Жребий принцессы - Тарр Джудит (читать книги txt) 📗
Часть втоая
Саревадин Халенан Курелиан Миранон Иварьян
Глава 10
Сареван не считал себя провидцем. Этим даром обладала его мать и в меньшей степени — его отец. Они могли вызвать свою силу по желанию или по необходимости, и иногда она покорялась их воле. А у него такого дара не было. Ему лишь часто снился один сон, который казался удивительно реальным. Он мог несколько изменяться, но его суть оставалась одной и той же. Все начиналось спокойно. Тихий зеленый край, залитый солнцем, мирный и благодатный. Но мало-помалу Сареван начинал понимать, что эта безмятежность — иллюзия и мираж. Зелень увядала, земля ссыхалась, а прекрасное, благосклонное и не знающее усталости небесное светило убивало все вокруг. Ни одна тучка не осмеливалась затмить его лик. «Смотри, — пело солнце, — как я прекрасно, как я великолепно и как милостиво. Ночь никогда не придет сюда, чтобы мучить мой народ. Холод никогда не опустошит мои земли». Солнце пело, день не знал конца, беспрерывная жара сжигала все до самых корней, весь мир погибал.
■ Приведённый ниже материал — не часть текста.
(* In the setting described in the context, for $n\ge1$ let $u_n=\min\{x\in[d,v]: f^{2n}(x)=d\}$; for $n,k\ge1$ let $u'_{n,k}=\max\{x\in[u_{n+1},u_n]: f^{2n+2k}(x)=d\}$; and for $n,k,i\ge1$ let $u_{n,k,i}=\min\{x\in[u'_{n,k},u'_{n,k+1}]: f^{2n+2k+2i}(x)=d\}$ (these sets are nonempty). Then for each $n\ge1$, $k\ge1$, $i\ge1$, on the interval $[u'_{n,k},u_{n,k,i}]$ the map $f$ has no periodic points whose least period is odd and $\le 2n+2k+2i+1$, and no periodic points whose least period is even and $\le 2n+2k+2i$ except points of least period $2n+2k+2i$ and possibly points of least period $2n+2k$ or $2n$.
   Context: Let $I$ be a compact interval and $f:I\to I$ continuous; $f^1=f$, $f^n=f\circ f^{n-1}$. A point $x_0$ is a periodic point of least period $k$ (a period-$k$ point) if $f^k(x_0)=x_0$ and $f^i(x_0)\ne x_0$ for $0<i<k$. Let $m\ge3$ be odd and let $P$ be a periodic orbit of $f$ of least period $m$. Put $e=f^{m-1}(\min P)$. Let $v\in[\min P,e)$ be a point with $f(v)=e$, and let $z\in(v,e)$ be a fixed point of $f$ (such points exist). Define $z_0=\min\{x\in[v,z]: f^2(x)=x\}$ and $d=\max\{x\in[\min P,v]: f^2(x)=z_0\}$ (both sets are nonempty). *)

theory Defs
  imports "HOL-Analysis.Analysis"
begin

definition least_period_point :: "(real \<Rightarrow> real) \<Rightarrow> nat \<Rightarrow> real \<Rightarrow> bool" where
  "least_period_point f k x \<longleftrightarrow> k > 0 \<and> (f ^^ k) x = x \<and> (\<forall>i. 0 < i \<and> i < k \<longrightarrow> (f ^^ i) x \<noteq> x)"

definition periodic_orbit :: "(real \<Rightarrow> real) \<Rightarrow> nat \<Rightarrow> real set \<Rightarrow> bool" where
  "periodic_orbit f m P \<longleftrightarrow> (\<exists>x0. least_period_point f m x0 \<and> P = (\<lambda>i. (f ^^ i) x0) ` {..<m})"

end

theory Submission
  imports Defs
begin

(* Put g = f o f. The point z0 is the first fixed point of g right of v and d the last g-preimage
   of z0 left of v, so by the intermediate value theorem g < z0 and f >= z0 on (d, z0), while
   g d = g z0 = z0. A point whose g-orbit stays above d for N steps therefore stays in (d, z0) and
   cannot have an odd period <= 2N + 1, since f throws it above z0.
   The points u_n, u'_{n,k}, u_{n,k,i} are extremal solutions of g^N y = d. If for x strictly
   between u'_{n,k} and u_{n,k,i} some g^t x with t not in {n, n+k, n+k+i} dropped to u_1 or below
   (or to d or below), the intermediate value theorem would give a solution of g^N y = d closer to
   the corresponding endpoint. Thus g^t x > u_1 > x for those t, which excludes the even periods;
   the endpoints themselves are eventually mapped to the fixed point z0, hence are not periodic. *)

lemma IVT_Icc_between:
  fixes h :: "real \<Rightarrow> real"
  assumes "continuous_on {\<alpha>..\<beta>} h" "x \<in> {\<alpha>..\<beta>}" "y \<in> {\<alpha>..\<beta>}" "h x \<le> w" "w \<le> h y"
  obtains s where "s \<in> {\<alpha>..\<beta>}" "h s = w"
proof -
  have "connected (h ` {\<alpha>..\<beta>})"
    using assms(1) by (rule connected_continuous_image) simp
  then have "{h x..h y} \<subseteq> h ` {\<alpha>..\<beta>}"
    by (rule connected_contains_Icc) (use assms(2,3) in auto)
  with assms(4,5) that show thesis by auto
qed

lemma Least_real_closed:
  fixes Q :: "real \<Rightarrow> bool"
  assumes "closed {x. Q x}" "Q y0" "\<And>x. Q x \<Longrightarrow> \<alpha> \<le> x"
  shows "Q (LEAST x. Q x)" "\<And>y. Q y \<Longrightarrow> (LEAST x. Q x) \<le> y"
proof -
  have bdd: "bdd_below {x. Q x}"
    using assms(3) by (intro bdd_belowI) auto
  have Inf_in: "Inf {x. Q x} \<in> {x. Q x}"
    using assms(1,2) bdd by (intro closed_contains_Inf) auto
  have Inf_le: "Inf {x. Q x} \<le> y" if "Q y" for y
    using that bdd by (intro cInf_lower) auto
  have "(LEAST x. Q x) = Inf {x. Q x}"
    using Inf_in Inf_le by (intro Least_equality) auto
  with Inf_in Inf_le show "Q (LEAST x. Q x)" "\<And>y. Q y \<Longrightarrow> (LEAST x. Q x) \<le> y"
    by auto
qed

lemma Greatest_real_closed:
  fixes Q :: "real \<Rightarrow> bool"
  assumes "closed {x. Q x}" "Q y0" "\<And>x. Q x \<Longrightarrow> x \<le> \<beta>"
  shows "Q (GREATEST x. Q x)" "\<And>y. Q y \<Longrightarrow> y \<le> (GREATEST x. Q x)"
proof -
  have bdd: "bdd_above {x. Q x}"
    using assms(3) by (intro bdd_aboveI) auto
  have Sup_in: "Sup {x. Q x} \<in> {x. Q x}"
    using assms(1,2) bdd by (intro closed_contains_Sup) auto
  have le_Sup: "y \<le> Sup {x. Q x}" if "Q y" for y
    using that bdd by (intro cSup_upper) auto
  have "(GREATEST x. Q x) = Sup {x. Q x}"
    using Sup_in le_Sup by (intro Greatest_equality) auto
  with Sup_in le_Sup show "Q (GREATEST x. Q x)" "\<And>y. Q y \<Longrightarrow> y \<le> (GREATEST x. Q x)"
    by auto
qed

lemma Least_level_point:
  fixes h :: "real \<Rightarrow> real"
  assumes "continuous_on {\<alpha>..\<beta>} h" "y0 \<in> {\<alpha>..\<beta>}" "h y0 = c"
  defines "x \<equiv> LEAST x. x \<in> {\<alpha>..\<beta>} \<and> h x = c"
  shows "x \<in> {\<alpha>..\<beta>}" "h x = c" "\<And>y. y \<in> {\<alpha>..\<beta>} \<Longrightarrow> h y = c \<Longrightarrow> x \<le> y"
proof -
  have closed: "closed {x. x \<in> {\<alpha>..\<beta>} \<and> h x = c}"
    using assms(1) by (intro continuous_closed_preimage_constant) auto
  have y0: "y0 \<in> {\<alpha>..\<beta>} \<and> h y0 = c" using assms(2,3) by simp
  have bound: "\<And>x. x \<in> {\<alpha>..\<beta>} \<and> h x = c \<Longrightarrow> \<alpha> \<le> x" by simp
  note Least = Least_real_closed[OF closed y0 bound, folded x_def]
  show "x \<in> {\<alpha>..\<beta>}" "h x = c" "\<And>y. y \<in> {\<alpha>..\<beta>} \<Longrightarrow> h y = c \<Longrightarrow> x \<le> y"
    using Least by blast+
qed

lemma Greatest_level_point:
  fixes h :: "real \<Rightarrow> real"
  assumes "continuous_on {\<alpha>..\<beta>} h" "y0 \<in> {\<alpha>..\<beta>}" "h y0 = c"
  defines "x \<equiv> GREATEST x. x \<in> {\<alpha>..\<beta>} \<and> h x = c"
  shows "x \<in> {\<alpha>..\<beta>}" "h x = c" "\<And>y. y \<in> {\<alpha>..\<beta>} \<Longrightarrow> h y = c \<Longrightarrow> y \<le> x"
proof -
  have closed: "closed {x. x \<in> {\<alpha>..\<beta>} \<and> h x = c}"
    using assms(1) by (intro continuous_closed_preimage_constant) auto
  have y0: "y0 \<in> {\<alpha>..\<beta>} \<and> h y0 = c" using assms(2,3) by simp
  have bound: "\<And>x. x \<in> {\<alpha>..\<beta>} \<and> h x = c \<Longrightarrow> x \<le> \<beta>" by simp
  note Greatest = Greatest_real_closed[OF closed y0 bound, folded x_def]
  show "x \<in> {\<alpha>..\<beta>}" "h x = c" "\<And>y. y \<in> {\<alpha>..\<beta>} \<Longrightarrow> h y = c \<Longrightarrow> y \<le> x"
    using Greatest by blast+
qed

lemma funpow_image_subset: "f ` S \<subseteq> S \<Longrightarrow> (f ^^ n) ` S \<subseteq> S"
  by (induction n) auto

lemma continuous_on_funpow:
  assumes "continuous_on S f" "f ` S \<subseteq> S"
  shows "continuous_on S (f ^^ n)"
proof (induction n)
  case (Suc n)
  have "continuous_on ((f ^^ n) ` S) f"
    using assms funpow_image_subset by (blast intro: continuous_on_subset)
  with Suc show ?case
    using funpow_image_subset[OF assms(2)] by (auto intro: continuous_on_compose2)
qed (simp add: continuous_on_id)

lemma funpow_2_apply: "(f ^^ 2) x = f (f x)"
  by (simp add: numeral_2_eq_2)

lemma funpow_swap_apply: "(f ^^ m) ((f ^^ n) x) = (f ^^ n) ((f ^^ m) x)"
  by (metis add.commute comp_apply funpow_add)

lemma periodic_orbit_least_period:
  assumes "periodic_orbit f m P" "y \<in> P"
  shows "least_period_point f m y"
proof -
  obtain x0 where x0: "least_period_point f m x0" and P: "P = (\<lambda>i. (f ^^ i) x0) ` {..<m}"
    using assms(1) unfolding periodic_orbit_def by blast
  then have m: "0 < m" "(f ^^ m) x0 = x0" "\<And>j. 0 < j \<Longrightarrow> j < m \<Longrightarrow> (f ^^ j) x0 \<noteq> x0"
    unfolding least_period_point_def by auto
  obtain i where i: "i < m" "y = (f ^^ i) x0" using assms(2) P by auto
  have x0_from_y: "(f ^^ (m - i)) y = x0"
    using i m(2) funpow_add[of "m - i" i f] by simp
  have "(f ^^ m) y = y"
    using i(2) m(2) funpow_swap_apply[where f = f and m = m and n = i and x = x0] by simp
  moreover have "(f ^^ j) y \<noteq> y" if "0 < j" "j < m" for j
  proof
    assume "(f ^^ j) y = y"
    then have "(f ^^ j) x0 = x0"
      using x0_from_y funpow_swap_apply[where f = f and m = j and n = "m - i" and x = y] by simp
    with m(3) that show False by blast
  qed
  ultimately show ?thesis using m(1) unfolding least_period_point_def by blast
qed

lemma periodic_orbit_closed:
  assumes "periodic_orbit f m P" "y \<in> P"
  shows "f y \<in> P"
proof -
  obtain x0 where x0: "least_period_point f m x0" and P: "P = (\<lambda>i. (f ^^ i) x0) ` {..<m}"
    using assms(1) unfolding periodic_orbit_def by blast
  then have m: "0 < m" "(f ^^ m) x0 = x0" unfolding least_period_point_def by auto
  obtain i where "y = (f ^^ i) x0" using assms(2) P by auto
  then have "f y = (f ^^ (Suc i mod m)) x0" using funpow_mod_eq[OF m(2), of "Suc i"] by simp
  then show ?thesis using P m(1) by auto
qed

lemma periodic_orbit_finite_nonempty:
  assumes "periodic_orbit f m P" shows "finite P" "P \<noteq> {}"
  using assms unfolding periodic_orbit_def least_period_point_def by auto

locale return_trap =
  fixes g :: "real \<Rightarrow> real" and a b d v z0 :: real
  assumes cont: "continuous_on {a..b} g" and maps: "g ` {a..b} \<subseteq> {a..b}"
    and a_le_d: "a \<le> d" and d_lt_v: "d < v" and v_lt_z0: "v < z0" and z0_le_b: "z0 \<le> b"
    and g_d: "g d = z0" and g_z0: "g z0 = z0" and g_v: "g v \<le> d"
    and g_below_z0: "\<And>y. y \<in> {d<..<z0} \<Longrightarrow> g y < z0"
begin

text \<open>With \<open>g = f ^^ 2\<close> these are the points u_n, u'_{n,k}, u_{n,k,i} of the statement.\<close>

definition u :: "nat \<Rightarrow> real" where
  "u n = (LEAST x. x \<in> {d..v} \<and> (g ^^ n) x = d)"

definition u' :: "nat \<Rightarrow> nat \<Rightarrow> real" where
  "u' n k = (GREATEST x. x \<in> {u (n + 1)..u n} \<and> (g ^^ (n + k)) x = d)"

definition uu :: "nat \<Rightarrow> nat \<Rightarrow> nat \<Rightarrow> real" where
  "uu n k i = (LEAST x. x \<in> {u' n k..u' n (k + 1)} \<and> (g ^^ (n + k + i)) x = d)"

lemma continuous_on_iter: "{\<alpha>..\<beta>} \<subseteq> {a..b} \<Longrightarrow> continuous_on {\<alpha>..\<beta>} (g ^^ t)"
  using continuous_on_funpow[OF cont maps] by (rule continuous_on_subset)

lemma iter_split: "s \<le> t \<Longrightarrow> (g ^^ t) x = (g ^^ (t - s)) ((g ^^ s) x)"
  by (metis funpow_add le_add_diff_inverse2 o_apply)

lemma iter_z0: "(g ^^ t) z0 = z0"
  by (induction t) (simp_all add: g_z0)

lemma iter_after_level: "(g ^^ s) y = d \<Longrightarrow> s < t \<Longrightarrow> (g ^^ t) y = z0"
  using iter_split[of "Suc s" t y] by (simp add: g_d iter_z0)

lemma reach_level:
  assumes "{\<alpha>..\<beta>} \<subseteq> {a..b}" "p \<in> {\<alpha>..\<beta>}" "q \<in> {\<alpha>..\<beta>}"
    and "(g ^^ s) p \<le> c" "c \<le> (g ^^ s) q" "(g ^^ j) c = d"
  obtains y where "y \<in> {\<alpha>..\<beta>}" "(g ^^ s) y = c" "(g ^^ (s + j)) y = d"
proof -
  obtain y where y: "y \<in> {\<alpha>..\<beta>}" "(g ^^ s) y = c"
    using IVT_Icc_between[OF continuous_on_iter[OF assms(1)] assms(2-5)] .
  moreover have "(g ^^ (s + j)) y = d"
    using y assms(6) by (simp add: funpow_add add.commute)
  ultimately show thesis by (rule that)
qed

lemma level_point_exists: "\<exists>x\<in>{d..v}. (g ^^ n) x = d"
proof -
  obtain x1 where x1: "x1 \<in> {d..v}" "(g ^^ 1) x1 = d"
    by (rule IVT_Icc_between[OF continuous_on_iter[of d v 1], of v d d])
      (use a_le_d d_lt_v v_lt_z0 z0_le_b g_v g_d in auto)
  show ?thesis
  proof (induction n)
    case 0
    show ?case using d_lt_v by auto
  next
    case (Suc n)
    then obtain x where x: "x \<in> {d..v}" "(g ^^ n) x = d" by blast
    show ?case
    proof (cases "n = 0")
      case True
      then show ?thesis using x1 by auto
    next
      case False
      then have "(g ^^ n) d = z0" using iter_after_level[of 0 d n] by simp
      obtain y where "y \<in> {d..x}" "(g ^^ (n + 1)) y = d"
        by (rule reach_level[of d x x d n x1 1])
          (use \<open>(g ^^ n) d = z0\<close> x x1 a_le_d v_lt_z0 z0_le_b in auto)
      then show ?thesis using x by auto
    qed
  qed
qed

lemma u_spec:
  "u n \<in> {d..v}" "(g ^^ n) (u n) = d" "\<And>y. y \<in> {d..v} \<Longrightarrow> (g ^^ n) y = d \<Longrightarrow> u n \<le> y"
proof -
  obtain y0 where "y0 \<in> {d..v}" "(g ^^ n) y0 = d" using level_point_exists by blast
  from Least_level_point[OF continuous_on_iter this]
  show "u n \<in> {d..v}" "(g ^^ n) (u n) = d" "\<And>y. y \<in> {d..v} \<Longrightarrow> (g ^^ n) y = d \<Longrightarrow> u n \<le> y"
    unfolding u_def using a_le_d v_lt_z0 z0_le_b by auto
qed

lemma d_lt_u: "n \<ge> 1 \<Longrightarrow> d < u n"
  using u_spec(1,2)[of n] iter_after_level[of 0 d n] d_lt_v v_lt_z0
  by (cases "u n = d") auto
Этот сон преследовал Саревана с той поры, когда он превратился в мужчину. Этот сон мучил его и сводил с ума.
Время и учеба подарили ему если не умение побеждать свой страх, то по крайней мере способность стойко переносить невзгоды. Но от этого острота его зрения не притупилась, и то, что было скрыто, проступало еще яснее. То, что началось как просто ночной кошмар, превратилось в яркое пламя пророчества. Солнце принимало облик его отца, а неведомый край превращался в его родной Керуварион. Сареван видел разрушенные города, убитых жителей, стервятников, кружащих над опустошенными владениями. А его отец возвышался над мертвым краем и улыбался, простирая свою руку. Он смотрел на запад, где садилось солнце, где царил мир, пусть и неправедный, и где был смертный человек в золотой маске, пожилой и непреклонный.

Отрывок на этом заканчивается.